• [Task item]: Every line in the data below from the one containing "q) = (\<Sum>j\<in>\<tau>" down to the one containing "q) = (\<Sum>q\<in>S", both included, must be retyped exactly; no other line is to appear.

── The input

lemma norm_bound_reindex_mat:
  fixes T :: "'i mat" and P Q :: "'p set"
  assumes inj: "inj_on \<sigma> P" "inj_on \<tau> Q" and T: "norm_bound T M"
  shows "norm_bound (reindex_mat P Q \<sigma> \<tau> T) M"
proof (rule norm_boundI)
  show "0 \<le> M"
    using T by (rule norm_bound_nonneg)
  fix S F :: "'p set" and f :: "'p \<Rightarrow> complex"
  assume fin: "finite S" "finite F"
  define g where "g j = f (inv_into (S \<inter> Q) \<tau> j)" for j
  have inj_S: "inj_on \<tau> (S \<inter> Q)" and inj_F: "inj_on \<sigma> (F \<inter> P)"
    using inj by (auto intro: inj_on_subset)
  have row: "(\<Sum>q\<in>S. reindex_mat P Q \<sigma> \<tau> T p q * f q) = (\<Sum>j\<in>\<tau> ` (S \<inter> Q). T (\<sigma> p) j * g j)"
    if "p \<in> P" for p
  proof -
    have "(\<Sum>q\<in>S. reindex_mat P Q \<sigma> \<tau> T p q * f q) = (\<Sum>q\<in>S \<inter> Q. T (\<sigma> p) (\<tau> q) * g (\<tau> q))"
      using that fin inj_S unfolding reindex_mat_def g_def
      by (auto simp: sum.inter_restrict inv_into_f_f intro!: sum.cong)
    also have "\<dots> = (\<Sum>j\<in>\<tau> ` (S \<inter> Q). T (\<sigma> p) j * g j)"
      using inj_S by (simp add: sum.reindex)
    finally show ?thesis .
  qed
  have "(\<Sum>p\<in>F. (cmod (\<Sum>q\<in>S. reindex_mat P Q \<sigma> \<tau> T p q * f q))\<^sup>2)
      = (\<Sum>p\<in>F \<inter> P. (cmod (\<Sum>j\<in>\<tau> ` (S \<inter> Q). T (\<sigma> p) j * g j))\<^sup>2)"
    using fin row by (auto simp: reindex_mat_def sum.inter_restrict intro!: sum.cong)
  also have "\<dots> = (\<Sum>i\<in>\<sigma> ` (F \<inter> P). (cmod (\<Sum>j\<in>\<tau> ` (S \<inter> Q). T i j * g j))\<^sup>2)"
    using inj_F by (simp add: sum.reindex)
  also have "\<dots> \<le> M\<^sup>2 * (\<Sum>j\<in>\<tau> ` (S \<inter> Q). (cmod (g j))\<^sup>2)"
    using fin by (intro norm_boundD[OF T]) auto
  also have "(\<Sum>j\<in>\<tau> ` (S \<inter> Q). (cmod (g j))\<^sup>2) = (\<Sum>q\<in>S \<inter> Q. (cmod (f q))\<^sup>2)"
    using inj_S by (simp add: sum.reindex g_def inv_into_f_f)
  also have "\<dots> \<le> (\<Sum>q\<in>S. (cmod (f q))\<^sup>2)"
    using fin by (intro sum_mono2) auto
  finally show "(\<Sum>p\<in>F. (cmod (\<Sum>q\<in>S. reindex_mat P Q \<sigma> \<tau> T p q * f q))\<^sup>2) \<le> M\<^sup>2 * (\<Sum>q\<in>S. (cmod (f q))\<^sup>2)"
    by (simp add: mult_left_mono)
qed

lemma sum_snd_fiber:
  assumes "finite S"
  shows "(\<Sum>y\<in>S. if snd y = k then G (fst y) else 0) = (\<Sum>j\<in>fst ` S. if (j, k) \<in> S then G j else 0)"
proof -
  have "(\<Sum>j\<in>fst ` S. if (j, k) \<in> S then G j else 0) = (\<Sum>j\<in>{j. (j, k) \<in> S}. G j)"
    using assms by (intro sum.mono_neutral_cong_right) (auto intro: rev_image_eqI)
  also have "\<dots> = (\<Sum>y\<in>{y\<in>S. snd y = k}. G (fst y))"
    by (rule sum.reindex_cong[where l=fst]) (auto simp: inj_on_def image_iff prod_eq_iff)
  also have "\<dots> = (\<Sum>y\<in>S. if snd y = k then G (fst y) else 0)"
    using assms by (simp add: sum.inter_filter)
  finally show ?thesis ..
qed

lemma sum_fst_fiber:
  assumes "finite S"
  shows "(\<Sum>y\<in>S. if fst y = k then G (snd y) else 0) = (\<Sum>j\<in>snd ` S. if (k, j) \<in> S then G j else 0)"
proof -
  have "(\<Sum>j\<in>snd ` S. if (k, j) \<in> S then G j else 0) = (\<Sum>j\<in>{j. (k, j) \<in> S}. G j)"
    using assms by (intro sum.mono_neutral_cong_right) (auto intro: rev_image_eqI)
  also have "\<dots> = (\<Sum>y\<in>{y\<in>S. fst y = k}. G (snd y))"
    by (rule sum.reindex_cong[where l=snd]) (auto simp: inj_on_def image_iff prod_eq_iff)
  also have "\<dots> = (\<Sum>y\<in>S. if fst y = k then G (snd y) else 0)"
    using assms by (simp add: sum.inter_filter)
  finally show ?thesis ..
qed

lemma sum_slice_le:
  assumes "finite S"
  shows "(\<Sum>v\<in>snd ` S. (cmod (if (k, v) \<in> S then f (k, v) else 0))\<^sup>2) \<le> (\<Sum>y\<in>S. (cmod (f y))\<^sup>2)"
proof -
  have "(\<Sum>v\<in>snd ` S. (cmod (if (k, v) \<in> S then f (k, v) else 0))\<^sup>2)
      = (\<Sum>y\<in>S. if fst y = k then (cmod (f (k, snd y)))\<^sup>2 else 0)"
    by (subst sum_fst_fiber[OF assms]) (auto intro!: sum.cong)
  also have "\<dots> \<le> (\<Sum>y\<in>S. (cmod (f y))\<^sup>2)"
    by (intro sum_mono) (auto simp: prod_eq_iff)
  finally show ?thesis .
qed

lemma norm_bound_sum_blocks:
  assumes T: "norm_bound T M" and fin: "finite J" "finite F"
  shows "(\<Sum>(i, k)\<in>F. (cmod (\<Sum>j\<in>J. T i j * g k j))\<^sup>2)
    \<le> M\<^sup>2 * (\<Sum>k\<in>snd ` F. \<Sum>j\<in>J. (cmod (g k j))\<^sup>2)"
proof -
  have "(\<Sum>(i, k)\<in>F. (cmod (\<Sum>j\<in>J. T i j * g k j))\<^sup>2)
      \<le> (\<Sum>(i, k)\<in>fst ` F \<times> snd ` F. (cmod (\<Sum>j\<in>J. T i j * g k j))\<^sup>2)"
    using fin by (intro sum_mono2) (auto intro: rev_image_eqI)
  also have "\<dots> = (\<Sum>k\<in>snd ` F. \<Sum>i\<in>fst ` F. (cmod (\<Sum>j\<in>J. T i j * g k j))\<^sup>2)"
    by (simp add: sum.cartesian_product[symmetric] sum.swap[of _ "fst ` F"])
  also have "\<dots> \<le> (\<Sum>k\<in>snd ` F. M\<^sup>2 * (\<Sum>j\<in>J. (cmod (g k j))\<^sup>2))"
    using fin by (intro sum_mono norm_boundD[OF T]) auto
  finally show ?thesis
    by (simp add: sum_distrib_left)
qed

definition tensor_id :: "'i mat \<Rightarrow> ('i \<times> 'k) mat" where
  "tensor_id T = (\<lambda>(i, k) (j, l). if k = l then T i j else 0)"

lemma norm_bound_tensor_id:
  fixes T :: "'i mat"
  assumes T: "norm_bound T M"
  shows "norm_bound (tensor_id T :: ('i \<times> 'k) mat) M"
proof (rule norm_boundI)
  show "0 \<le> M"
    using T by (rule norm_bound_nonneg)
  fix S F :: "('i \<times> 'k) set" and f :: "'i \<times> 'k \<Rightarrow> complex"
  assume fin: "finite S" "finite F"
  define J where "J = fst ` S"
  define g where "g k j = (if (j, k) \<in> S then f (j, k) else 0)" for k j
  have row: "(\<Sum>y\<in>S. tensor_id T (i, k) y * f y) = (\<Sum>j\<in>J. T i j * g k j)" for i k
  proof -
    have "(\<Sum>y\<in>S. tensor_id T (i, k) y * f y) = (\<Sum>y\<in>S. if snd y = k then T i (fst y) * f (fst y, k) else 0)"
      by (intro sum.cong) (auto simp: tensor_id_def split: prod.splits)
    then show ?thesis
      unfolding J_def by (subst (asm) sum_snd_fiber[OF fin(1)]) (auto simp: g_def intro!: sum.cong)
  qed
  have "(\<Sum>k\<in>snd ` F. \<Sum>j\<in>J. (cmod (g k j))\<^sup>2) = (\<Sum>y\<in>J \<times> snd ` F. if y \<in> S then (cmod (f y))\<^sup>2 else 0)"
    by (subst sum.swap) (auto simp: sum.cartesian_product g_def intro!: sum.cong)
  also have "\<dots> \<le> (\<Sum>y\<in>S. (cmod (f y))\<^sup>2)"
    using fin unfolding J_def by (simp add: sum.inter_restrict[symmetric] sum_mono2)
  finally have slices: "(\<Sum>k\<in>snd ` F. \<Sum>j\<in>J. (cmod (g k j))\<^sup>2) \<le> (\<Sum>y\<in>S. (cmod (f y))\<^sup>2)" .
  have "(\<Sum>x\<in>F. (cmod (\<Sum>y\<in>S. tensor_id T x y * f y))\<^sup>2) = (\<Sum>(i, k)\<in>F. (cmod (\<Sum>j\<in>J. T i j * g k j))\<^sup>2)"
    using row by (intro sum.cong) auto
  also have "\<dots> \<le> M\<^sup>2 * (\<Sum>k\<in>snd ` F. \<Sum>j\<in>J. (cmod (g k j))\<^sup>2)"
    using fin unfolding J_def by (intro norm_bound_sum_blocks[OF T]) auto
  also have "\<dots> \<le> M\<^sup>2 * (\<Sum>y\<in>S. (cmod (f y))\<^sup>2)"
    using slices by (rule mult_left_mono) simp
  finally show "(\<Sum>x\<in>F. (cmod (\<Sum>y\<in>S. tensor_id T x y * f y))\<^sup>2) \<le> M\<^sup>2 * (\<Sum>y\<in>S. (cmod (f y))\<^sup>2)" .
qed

────

• [Problem solution]:
  have row: "(\<Sum>q\<in>S. reindex_mat P Q \<sigma> \<tau> T p q * f q) = (\<Sum>j\<in>\<tau> ` (S \<inter> Q). T (\<sigma> p) j * g j)"
    if "p \<in> P" for p
  proof -
    have "(\<Sum>q\<in>S. reindex_mat P Q \<sigma> \<tau> T p q * f q) = (\<Sum>q\<in>S \<inter> Q. T (\<sigma> p) (\<tau> q) * g (\<tau> q))"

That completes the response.